Staring at the fire, I also thought about my mother. No longer able to recall her face from memory, I now remember her only from photographs. An attractive woman with strong cheeks and good eyes. By all accounts, she’d been a gifted amateur naturalist and one of the earliest advocates for a save-the-Everglades movement. She’d spent a lot of time lobbying hard up in Tallahassee.

I found it oddly comforting to know that just around the far curvature of Cape Sable was Flamingo, once an isolated fish camp, now headquarters for Everglades National Park. There, nearly hidden by mangroves, is a little brass plaque commemorating the founding of the park. My mother’s name is there, second column, about midway down.

The last thing I did before climbing the tree and zipping myself into the hammock was re-anchor my boat. I anchored it bow pointed seaward, double-anchored, stern tied by a long line to a stake I drove into the beach.

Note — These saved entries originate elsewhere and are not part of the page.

lemma lift_j: "x \<in> Fs (\<sigma> j) \<Longrightarrow> lift_j x \<in> G (Suc j) \<and> \<pi> j (lift_j x) = x"
proof -
  assume "x \<in> Fs (\<sigma> j)"
  then have "\<exists>e. e \<in> G (Suc j) \<and> \<pi> j e = x" using \<pi>_image[OF j_in_I] by (metis imageE)
  then show ?thesis unfolding lift_j_def by (rule someI_ex)
qed

lemma \<pi>_j_mem: "e \<in> G (Suc j) \<Longrightarrow> \<pi> j e \<in> Fs (\<sigma> j)"
  using \<pi>_image[OF j_in_I] by blast

lemma G_Suc_j_subset_Y: "G (Suc j) \<subseteq> Y" using G_subset_Y j_less_m by simp

lemma proj_U_G_Suc_j:
  assumes "e \<in> G (Suc j)" "e' \<in> G (Suc j)" "\<pi> j e = \<pi> j e'" shows "proj_U e = proj_U e'"
proof -
  have "e - e' \<in> {x\<in>G (Suc j). \<pi> j x = 0}"
    using \<pi>_diff[OF j_in_I assms(1,2)] assms E.subspace_diff[OF G_subspace] j_less_m by simp
  then have "e - e' \<in> K" using \<pi>_kernel[OF j_in_I] G_j_subset_K by blast
  then show ?thesis using proj_U_K proj_U_diff by fastforce
qed

lemma \<psi>U_\<pi>: "e \<in> G (Suc j) \<Longrightarrow> \<psi>U (\<pi> j e) = proj_U e"
  unfolding \<psi>U_def using lift_j[OF \<pi>_j_mem] proj_U_G_Suc_j by blast

lemma \<psi>U_hom:
  assumes x: "x \<in> Fs (\<sigma> j)"
  shows "y \<in> Fs (\<sigma> j) \<Longrightarrow> \<psi>U (x + y) = \<psi>U x + \<psi>U y"
    and "\<psi>U (sF c x) = sE c (\<psi>U x)"
    and "\<psi>U (actF a x) = proj_U (act a (lift_j x))"
proof -
  note ex = lift_j[OF x] and Gj = G_subspace[of "Suc j"] j_less_m
  show "y \<in> Fs (\<sigma> j) \<Longrightarrow> \<psi>U (x + y) = \<psi>U x + \<psi>U y"
  proof -
    assume y: "y \<in> Fs (\<sigma> j)"
    note ey = lift_j[OF y]
    have "lift_j x + lift_j y \<in> G (Suc j)" using E.subspace_add ex ey Gj by simp
    moreover have "\<pi> j (lift_j x + lift_j y) = x + y" using \<pi>_add[OF j_in_I] ex ey by simp
    ultimately show ?thesis using \<psi>U_\<pi> proj_U_add unfolding \<psi>U_def by metis
  qed
  have "sE c (lift_j x) \<in> G (Suc j)" using E.subspace_scale ex Gj by simp
  moreover have "\<pi> j (sE c (lift_j x)) = sF c x" using \<pi>_scale[OF j_in_I] ex by simp
  ultimately show "\<psi>U (sF c x) = sE c (\<psi>U x)" using \<psi>U_\<pi> proj_U_scale unfolding \<psi>U_def by metis
  have "act a (lift_j x) \<in> G (Suc j)" using G_act ex j_less_m by simp
  moreover have "\<pi> j (act a (lift_j x)) = actF a x" using \<pi>_act[OF j_in_I] ex by simp
  ultimately show "\<psi>U (actF a x) = proj_U (act a (lift_j x))" using \<psi>U_\<pi> by metis
qed

lemma \<sigma>_i0_neq_\<sigma>_j: "i0 \<noteq> j \<Longrightarrow> \<sigma> i0 \<noteq> \<sigma> j"
  using inj_\<sigma> i0_in_I j_in_I unfolding inj_on_def by blast

context
  assumes W_subset_K: "W \<subseteq> K"
begin

lemma j_neq_i0: "j \<noteq> i0"
proof
  assume "j = i0"
  then have "G (Suc i0) \<inter> K \<subseteq> G i0" using G_Suc_j_Int_K by simp
  then have "W \<subseteq> G i0" using W_subset_K unfolding W_def by blast
  then show False using G_below_i0[of i0] W_nonzero W_subspace E.subspace_0 by blast
qed

lemma W_isotropic: "w \<in> W \<Longrightarrow> w' \<in> W \<Longrightarrow> b w w' = 0"
  using W_subset_K W_orthogonal_K by blast

lemma u_iso: "(\<forall>v\<in>B. u_iso v \<in> Y) \<and> (\<forall>v\<in>B. \<forall>v'\<in>B. b v (u_iso v') = of_bool (v = v'))
     \<and> (\<forall>v\<in>B. \<forall>v'\<in>B. b (u_iso v) (u_iso v') = 0)"
proof -
  have "\<forall>v\<in>B. \<forall>v'\<in>B. b v v' = 0" using W_isotropic B_basis(1) by blast
  moreover have "\<forall>v\<in>B. u v \<in> Y" "\<forall>v\<in>B. \<forall>v'\<in>B. b v (u v') = of_bool (v = v')"
    using u_mem b_B_u by blast+
  ultimately have "\<exists>u'. (\<forall>v\<in>B. u' v \<in> Y) \<and> (\<forall>v\<in>B. \<forall>v'\<in>B. b v (u' v') = of_bool (v = v'))
     \<and> (\<forall>v\<in>B. \<forall>v'\<in>B. b (u' v) (u' v') = 0)"
    by (rule exists_isotropic_dual_family[OF subspace_Y finite_B B_subset_Y])
  then show ?thesis unfolding u_iso_def by (rule someI_ex)
qed

lemma u_iso_mem: "v \<in> B \<Longrightarrow> u_iso v \<in> Y"
  and b_B_u_iso: "v \<in> B \<Longrightarrow> v' \<in> B \<Longrightarrow> b v (u_iso v') = of_bool (v = v')"
  and u_iso_isotropic: "v \<in> B \<Longrightarrow> v' \<in> B \<Longrightarrow> b (u_iso v) (u_iso v') = 0"
  using u_iso by blast+

lemma b_B_W: "v \<in> B \<Longrightarrow> w \<in> W \<Longrightarrow> b v w = 0" using B_basis(1) W_isotropic by blast

lemma U_subspace: "E.subspace U" unfolding U_def by simp

lemma U_subset_Y: "U \<subseteq> Y"
  unfolding U_def using u_iso_mem subspace_Y E.span_minimal[of "u_iso ` B" Y] by blast

lemma proj_U_Y: "proj_U y \<in> Y" using proj_U_mem U_subset_Y by blast

lemma b_B_proj_U: "v \<in> B \<Longrightarrow> b v (proj_U y) = b v y"
  unfolding proj_U_def using b_B_u_iso finite_B by (simp add: b_simps)

lemma b_proj_W_u_iso: "v \<in> B \<Longrightarrow> b (proj_W y) (u_iso v) = b y (u_iso v)"
  unfolding proj_W_def using b_B_u_iso finite_B by (simp add: b_simps)

lemma b_proj_U_u_iso: "v \<in> B \<Longrightarrow> b (proj_U y) (u_iso v) = 0"
  unfolding proj_U_def using u_iso_isotropic by (simp add: b_simps)

lemma b_B_proj_W: "v \<in> B \<Longrightarrow> b v (proj_W y) = 0"
  unfolding proj_W_def using b_B_W B_basis(1) by (simp add: b_simps subset_iff)

lemma residual_in_Y_rest: "y \<in> Y \<Longrightarrow> y - proj_U y - proj_W y \<in> Y_rest"
  unfolding Y_rest_def
  using proj_U_Y proj_W_mem W_subset_Y E.subspace_diff[OF subspace_Y]
    b_B_proj_U b_B_proj_W b_proj_U_u_iso b_proj_W_u_iso
  by (auto simp: b_diff_left b_diff_right subset_iff)

lemma K_residual_in_Y_rest: "k \<in> K \<Longrightarrow> k - proj_W k \<in> Y_rest"
  using residual_in_Y_rest[of k] proj_U_K[of k] K_subset_Y by auto

lemma Y_rest_subset_K: "Y_rest \<subseteq> K" unfolding Y_rest_def using K_iff_orthogonal_B by blast

lemma Y_rest_subset_Y: "Y_rest \<subseteq> Y" unfolding Y_rest_def by blast

lemma Y_rest_subspace: "E.subspace Y_rest"
  unfolding E.subspace_def Y_rest_def
  using subspace_Y E.subspace_0 E.subspace_add E.subspace_scale by (auto simp: b_simps)

lemma U_orthogonal_Y_rest: "x \<in> U \<Longrightarrow> y \<in> Y_rest \<Longrightarrow> b x y = 0"
  unfolding U_def
proof (induction rule: E.span_induct_alt)
  case (step c x z)
  then obtain v where "v \<in> B" "x = u_iso v" by blast
  moreover have "b y (u_iso v) = 0" using \<open>v \<in> B\<close> step(3) unfolding Y_rest_def by blast
  ultimately have "b x y = 0" by (metis b_swap mult_zero_right)
  then show ?case using step by (simp add: b_add_left b_scale_left)
qed simp

lemma U_isotropic: "x \<in> U \<Longrightarrow> y \<in> U \<Longrightarrow> b x y = 0"
proof -
  assume x: "x \<in> U" and y: "y \<in> U"
  have u_iso_U: "b (u_iso v) y = 0" if "v \<in> B" for v
    using y unfolding U_def
    by (induction rule: E.span_induct_alt) (use u_iso_isotropic that in \<open>auto simp: b_simps\<close>)
  from x show ?thesis
    unfolding U_def by (induction rule: E.span_induct_alt) (auto simp: b_simps u_iso_U)
qed

lemma proj_U_id: "x \<in> U \<Longrightarrow> proj_U x = x"
  unfolding U_def
proof (induction rule: E.span_induct_alt)
  case base
  then show ?case using proj_U_scale[of 0 0] by simp
next
  case (step c x z)
  then obtain v where v: "v \<in> B" "x = u_iso v" by blast
  have "proj_U (u_iso v) = (\<Sum>v'\<in>B. if v' = v then u_iso v' else 0)"
    unfolding proj_U_def using b_B_u_iso v(1) by (intro sum.cong) auto
  also have "\<dots> = u_iso v" using finite_B v(1) by (simp add: sum.delta')
  finally show ?case using step v by (simp add: proj_U_add proj_U_scale)
qed

lemma nondegenerate_via_Y_rest:
  assumes "x \<in> Y" "b x (proj_U y) = 0" "b x (proj_W y) = 0" "\<forall>z\<in>Y_rest. b x z = 0" "y \<in> Y"
  shows "b x y = 0"
proof -
  have "y = proj_U y + proj_W y + (y - proj_U y - proj_W y)" by simp
  then show ?thesis using assms residual_in_Y_rest[OF assms(5)] by (metis b_add_right add_0)
qed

Then I went for a quick swim. I swam out a couple hundred meters. There was a fresh wind blowing and I rode the waves up and down, the horizon all around me. From the crest of each wave, I could see the stars that form the Southern Cross.

The Cross was at eye level, afloat way, way out there at open sea.

Several times that night, I awoke to the sound of wind and to the niggling despair of old memories. Once I heard a powerboat come in close to shore and shut down abruptly. I thought I saw a light in the far distance. Thought I heard something going thud-thud-thud, like wood hitting wood.

I waited, watched, listened. Decided it was probably a pompano fisherman working the beach, banging his hull with a paddle to spook fish into his gill net.

Cordero or his hired helpers could not possibly have had time already to rent a boat or steal a boat and track me to Cape Sable.

I checked the cell phone to make certain it was still on.

Plenty of battery remaining.

If I had to stay there a few days, I could always recharge it from the adapter on my skiff.

I tried to call Harrington one last time. Got his voice mail. Didn’t bother leaving a message. There was no need.